### EXERCISE INSTRUCTIONS
The sole answer should be the number of lines in the material below that hold "dots".
DATASET RECORDS Start Marker
(* The target discounted-sum problem TDS is decidable for every discount factor $\lambda\ge\frac12$, i.e., restricted to instances with $\frac12\le\lambda<1$.
   Context: An instance of TDS consists of a rational discount factor $0<\lambda<1$, a rational target $t$, and rational weights $a,b$; it asks whether there exists an infinite sequence $w\in\{a,b\}^\omega$ with $\sum_{i=0}^\infty w(i)\lambda^i=t$. *)

theory Defs
  imports Complex_Main "HOL-Library.Nat_Bijection"
begin

definition TDS :: "rat \<Rightarrow> rat \<Rightarrow> rat \<Rightarrow> rat \<Rightarrow> bool" where
  "TDS lam t a b \<longleftrightarrow>
     (\<exists>w :: nat \<Rightarrow> rat. (\<forall>i. w i \<in> {a, b}) \<and>
        (\<lambda>i. real_of_rat (w i) * real_of_rat lam ^ i) sums real_of_rat t)"

datatype recf =
    Zero
  | Succ
  | Proj nat
  | Comp recf "recf list"
  | Prim recf recf
  | Mn recf

inductive reval :: "recf \<Rightarrow> nat list \<Rightarrow> nat \<Rightarrow> bool" where
  zero: "reval Zero xs 0"
| succ: "reval Succ (x # xs) (Suc x)"
| proj: "i < length xs \<Longrightarrow> reval (Proj i) xs (xs ! i)"
| comp: "list_all2 (\<lambda>g y. reval g xs y) gs ys \<Longrightarrow> reval f ys z \<Longrightarrow> reval (Comp f gs) xs z"
| prim0: "reval f xs y \<Longrightarrow> reval (Prim f g) (0 # xs) y"
| primS: "reval (Prim f g) (n # xs) r \<Longrightarrow> reval g (r # n # xs) y \<Longrightarrow>
           reval (Prim f g) (Suc n # xs) y"
| mn: "reval f (n # xs) 0 \<Longrightarrow> (\<forall>m<n. \<exists>y. y > 0 \<and> reval f (m # xs) y) \<Longrightarrow>
        reval (Mn f) xs n"

definition rat_code :: "rat \<Rightarrow> nat" where
  "rat_code q = prod_encode (int_encode (fst (quotient_of q)), int_encode (snd (quotient_of q)))"

definition instance_code :: "rat \<Rightarrow> rat \<Rightarrow> rat \<Rightarrow> rat \<Rightarrow> nat" where
  "instance_code lam t a b =
     prod_encode (rat_code lam, prod_encode (rat_code t, prod_encode (rat_code a, rat_code b)))"

definition total_decider :: "recf \<Rightarrow> bool" where
  "total_decider f \<longleftrightarrow> (\<forall>n. reval f [n] 0 \<or> reval f [n] 1)"

end

theory Submission
  imports Defs
begin

(* For 1/2 <= lambda < 1 every x in [0, 1/(1 - lambda)] has a greedy expansion
   sum_i e_i lambda^i with digits e_i in {0, 1}: subtracting the digit and rescaling by 1/lambda
   keeps the remainder in [0, 1/(1 - lambda)] exactly because 1/lambda <= 1/(1 - lambda).
   Hence the discounted sums of {a, b}-sequences fill the whole interval between a/(1 - lambda)
   and b/(1 - lambda), so TDS lam t a b holds iff t (1 - lambda) lies between a and b.
   After clearing denominators this is a Boolean combination of integer inequalities between
   the components of the instance code, which is primitive recursive: the decider needs only
   composition and primitive recursion, hence is total. *)

section \<open>Discounted sums of two-valued sequences\<close>

lemma geometric_sums_scaled:
  fixes l c :: real
  assumes "\<bar>l\<bar> < 1"
  shows "(\<lambda>i. c * l ^ i) sums (c / (1 - l))"
  using sums_mult[OF geometric_sums[of l], of c] assms by simp

lemma discounted_sum_bounds:
  fixes l m M T :: real
  assumes "0 \<le> l" and "l < 1" and "\<And>i. m \<le> w i \<and> w i \<le> M"
    and "(\<lambda>i. w i * l ^ i) sums T"
  shows "m \<le> T * (1 - l) \<and> T * (1 - l) \<le> M"
proof -
  have l: "\<bar>l\<bar> < 1" "0 < 1 - l" using assms(1,2) by auto
  have "m * l ^ i \<le> w i * l ^ i" and "w i * l ^ i \<le> M * l ^ i" for i
    using assms(1,3) by (simp_all add: mult_right_mono)
  then have "m / (1 - l) \<le> T" and "T \<le> M / (1 - l)"
    by (intro sums_le[OF _ geometric_sums_scaled[OF l(1)] assms(4)]
        sums_le[OF _ assms(4) geometric_sums_scaled[OF l(1)]]; simp)+
  with l(2) show ?thesis by (simp add: field_simps)
qed

primrec greedy_remainder :: "real \<Rightarrow> real \<Rightarrow> nat \<Rightarrow> real" where
  "greedy_remainder l x 0 = x"
| "greedy_remainder l x (Suc n) =
     (greedy_remainder l x n - of_bool (1 \<le> greedy_remainder l x n)) / l"

lemma greedy_remainder_bounds:
  assumes "1/2 \<le> l" and "l < 1" and "0 \<le> x" and "x \<le> 1 / (1 - l)"
  shows "0 \<le> greedy_remainder l x n \<and> greedy_remainder l x n \<le> 1 / (1 - l)"
proof (induction n)
  case 0
  show ?case using assms(3,4) by simp
next
  case (Suc n)
  define r where "r = greedy_remainder l x n"
  have l: "0 < l" "0 < 1 - l" using assms(1,2) by auto
  have r: "0 \<le> r" "r * (1 - l) \<le> 1" using Suc l by (simp_all add: r_def field_simps)
  show ?case
  proof (cases "1 \<le> r")
    case True
    then have "(r - 1) * (1 - l) \<le> l" using r(2) by (simp add: algebra_simps)
    with True l show ?thesis by (simp add: r_def[symmetric] field_simps)
  next
    case False
    \<comment> \<open>the only place where \<open>1/2 \<le> l\<close> is needed: a remainder below 1 may grow by the factor 1/l\<close>
    then have "r * (1 - l) \<le> 1 - l" using mult_right_mono[of r 1 "1 - l"] l by simp
    then have "r * (1 - l) \<le> l" using assms(1) by linarith
    with False r(1) l show ?thesis by (simp add: r_def[symmetric] field_simps)
  qed
qed

lemma greedy_remainder_expansion:
  assumes "l \<noteq> 0"
  shows "x = (\<Sum>i<n. of_bool (1 \<le> greedy_remainder l x i) * l ^ i) + l ^ n * greedy_remainder l x n"
proof (induction n)
  case (Suc n)
  have "l ^ Suc n * greedy_remainder l x (Suc n) =
        l ^ n * greedy_remainder l x n - of_bool (1 \<le> greedy_remainder l x n) * l ^ n"
    using assms by (simp add: field_simps)
  with Suc show ?case by simp
qed simp
lemma nx_eq_zero_if_sigma2_eq_top:
  fixes P :: "'a::metric_space \<Rightarrow> 'a measure"
  assumes "prob_space (P y)" "sets (P y) = sets borel" "sigma2 P y = \<infinity>"
  shows "nx P y = 0"
proof -
  interpret prob_space "P y" by fact
  have dist_measurable: "(\<lambda>a. dist y a) \<in> borel_measurable (P y)"
    unfolding measurable_cong_sets[OF assms(2) refl]
    by (intro borel_measurable_continuous_onI continuous_intros)
  define A where "A = (\<integral>\<^sup>+a. \<integral>\<^sup>+b. ennreal ((dist a b)\<^sup>2) \<partial>P y \<partial>P y)"
  have A: "A = \<infinity>"
    using assms(3) by (simp add: sigma2_def A_def ennreal_mult_eq_top_iff ennreal_divide_eq_top_iff)
  \<comment> \<open>The witness for \<open>n\<^sub>y = 0\<close> is the 1-Lipschitz function \<open>dist y\<close>.\<close>
  have "(\<integral>\<^sup>+a. ennreal ((dist y a)\<^sup>2) \<partial>P y) = \<infinity>"
  proof (rule ccontr)
    define I where "I = (\<integral>\<^sup>+a. ennreal ((dist y a)\<^sup>2) \<partial>P y)"
    assume "I \<noteq> \<infinity>"
    have "ennreal ((dist a b)\<^sup>2) \<le> 2 * ennreal ((dist y a)\<^sup>2) + 2 * ennreal ((dist y b)\<^sup>2)" for a b
    proof -
      have "ennreal ((dist a b)\<^sup>2) \<le> ennreal (2 * (dist y a)\<^sup>2 + 2 * (dist y b)\<^sup>2)"
        by (intro ennreal_leI dist_square_le)
      then show ?thesis
        by (simp add: ennreal_plus ennreal_mult')
    qed
    then have "A \<le> (\<integral>\<^sup>+a. \<integral>\<^sup>+b. 2 * ennreal ((dist y a)\<^sup>2) + 2 * ennreal ((dist y b)\<^sup>2) \<partial>P y \<partial>P y)"
      unfolding A_def by (intro nn_integral_mono)
    also have "\<dots> = 2 * I + 2 * I"
      using dist_measurable by (simp add: I_def nn_integral_add nn_integral_cmult emeasure_space_1)
    also have "\<dots> < \<infinity>"
      using \<open>I \<noteq> \<infinity>\<close> by (simp add: less_top[symmetric] ennreal_mult_eq_top_iff)
    finally show False
      using A by simp
  qed
  then have "nn_variance (P y) (\<lambda>a. dist y a) = \<infinity>"
    by (rule nn_variance_eq_top[OF assms(1) dist_measurable])
  then have "(\<integral>\<^sup>+a. \<integral>\<^sup>+b. ennreal ((dist y a - dist y b)\<^sup>2) \<partial>P y \<partial>P y) = \<infinity>"
    by (simp add: nn_variance_def ennreal_mult_eq_top_iff ennreal_divide_eq_top_iff)
  moreover have "1-lipschitz_on UNIV (\<lambda>a. dist y a)"
    by (intro lipschitz_onI) (metis abs_dist_diff_le dist_commute dist_real_def mult_1, simp)
  ultimately have "nx P y \<le> A / \<infinity>"
    unfolding nx_def A_def by (intro INF_lower2[of "\<lambda>a. dist y a"]) simp_all
  then show ?thesis
    by simp
qed

lemma var_le_sigma2_divide_nx:
  fixes P :: "'a::metric_space \<Rightarrow> 'a measure" and g :: "'a \<Rightarrow> real"
  assumes "prob_space (P y)" "sets (P y) = sets borel"
    and "integrable (P y) (\<lambda>x. (g x)\<^sup>2)" "1-lipschitz_on UNIV g"
  shows "ennreal (var (P y) g) \<le> sigma2 P y / nx P y"
proof -
  define v where "v = var (P y) g"
  have "nn_variance (P y) g = ennreal v"
    unfolding v_def using assms(3) lipschitz_on_borel_measurable[OF assms(4)]
    by (intro nn_variance_eq_var[OF assms(1)]) (simp_all add: measurable_cong_sets[OF assms(2) refl])
  then have v_le_sigma2: "ennreal v \<le> sigma2 P y" and nx_le: "nx P y \<le> sigma2 P y / ennreal v"
    using nn_variance_le_sigma2[OF assms(4)] nx_le_sigma2_divide[OF assms(4)] by metis+
  show ?thesis
  proof (cases "v = 0")
    case False
    then have v: "0 < v"
      using var_nonneg[of "P y" g] by (simp add: v_def)
    show ?thesis
    proof (cases "sigma2 P y")
      case (real s)
      then have s: "v \<le> s"
        using v_le_sigma2 v by (auto simp: ennreal_le_iff2)
      have "nx P y \<le> ennreal (s / v)"
        using nx_le real v by (simp add: divide_ennreal)
      then obtain n where n: "nx P y = ennreal n" "0 \<le> n" "n \<le> s / v"
        using s v by (cases "nx P y") (auto simp: top_unique)
      show ?thesis
      proof (cases "n = 0")
        case False
        then have "v \<le> s / n"
          using n s v by (simp add: field_simps)
        then show ?thesis
          using n False real by (simp add: v_def divide_ennreal ennreal_leI)
      qed (use real n s v in simp)
    next
      case top
      then show ?thesis
        using nx_eq_zero_if_sigma2_eq_top[of P y] assms(1,2) v by (simp add: v_def)
    qed
  qed (simp add: v_def)
qed

section \<open>Markov kernels\<close>

definition markov_op :: "('a \<Rightarrow> 'b measure) \<Rightarrow> ('b \<Rightarrow> real) \<Rightarrow> 'a \<Rightarrow> real" where
  "markov_op P h x = (\<integral>y. h y \<partial>P x)"

lemma borel_measurable_markov_op:
  assumes "P \<in> M \<rightarrow>\<^sub>M subprob_algebra N" "h \<in> borel_measurable N"
  shows "markov_op P h \<in> borel_measurable M"
  unfolding markov_op_def[abs_def]
  by (rule measurable_compose[OF assms(1) integral_measurable_subprob_algebra[OF assms(2)]])

lemma abs_markov_op_le:
  assumes "P \<in> M \<rightarrow>\<^sub>M prob_algebra N" "h \<in> borel_measurable N" "\<And>y. \<bar>h y\<bar> \<le> B" "x \<in> space M"
  shows "\<bar>markov_op P h x\<bar> \<le> B"
proof -
  have "prob_space (P x)" "sets (P x) = sets N"
    using measurable_space[OF assms(1,4)] by (simp_all add: space_prob_algebra)
  then show ?thesis
    unfolding markov_op_def using assms(2,3)
    by (intro integral_bounded) (simp_all add: measurable_cong_sets[of "P x" N])
qed

lemma var_eq_markov_op:
  fixes h :: "'b \<Rightarrow> real"
  assumes "P \<in> M \<rightarrow>\<^sub>M prob_algebra N" "h \<in> borel_measurable N" "\<And>y. \<bar>h y\<bar> \<le> B" "x \<in> space M"
  shows "var (P x) h = markov_op P (\<lambda>y. (h y)\<^sup>2) x - (markov_op P h x)\<^sup>2"
proof -
  have "prob_space (P x)" "sets (P x) = sets N"
    using measurable_space[OF assms(1,4)] by (simp_all add: space_prob_algebra)
  then show ?thesis
    using assms(2,3)
    by (auto simp: markov_op_def measurable_cong_sets[of "P x" N] intro!: var_eq
        integrable_bounded[OF prob_space.finite_measure, where B=B])
qed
DATASET RECORDS End Marker
### RESPONSE TO THIS TASK
2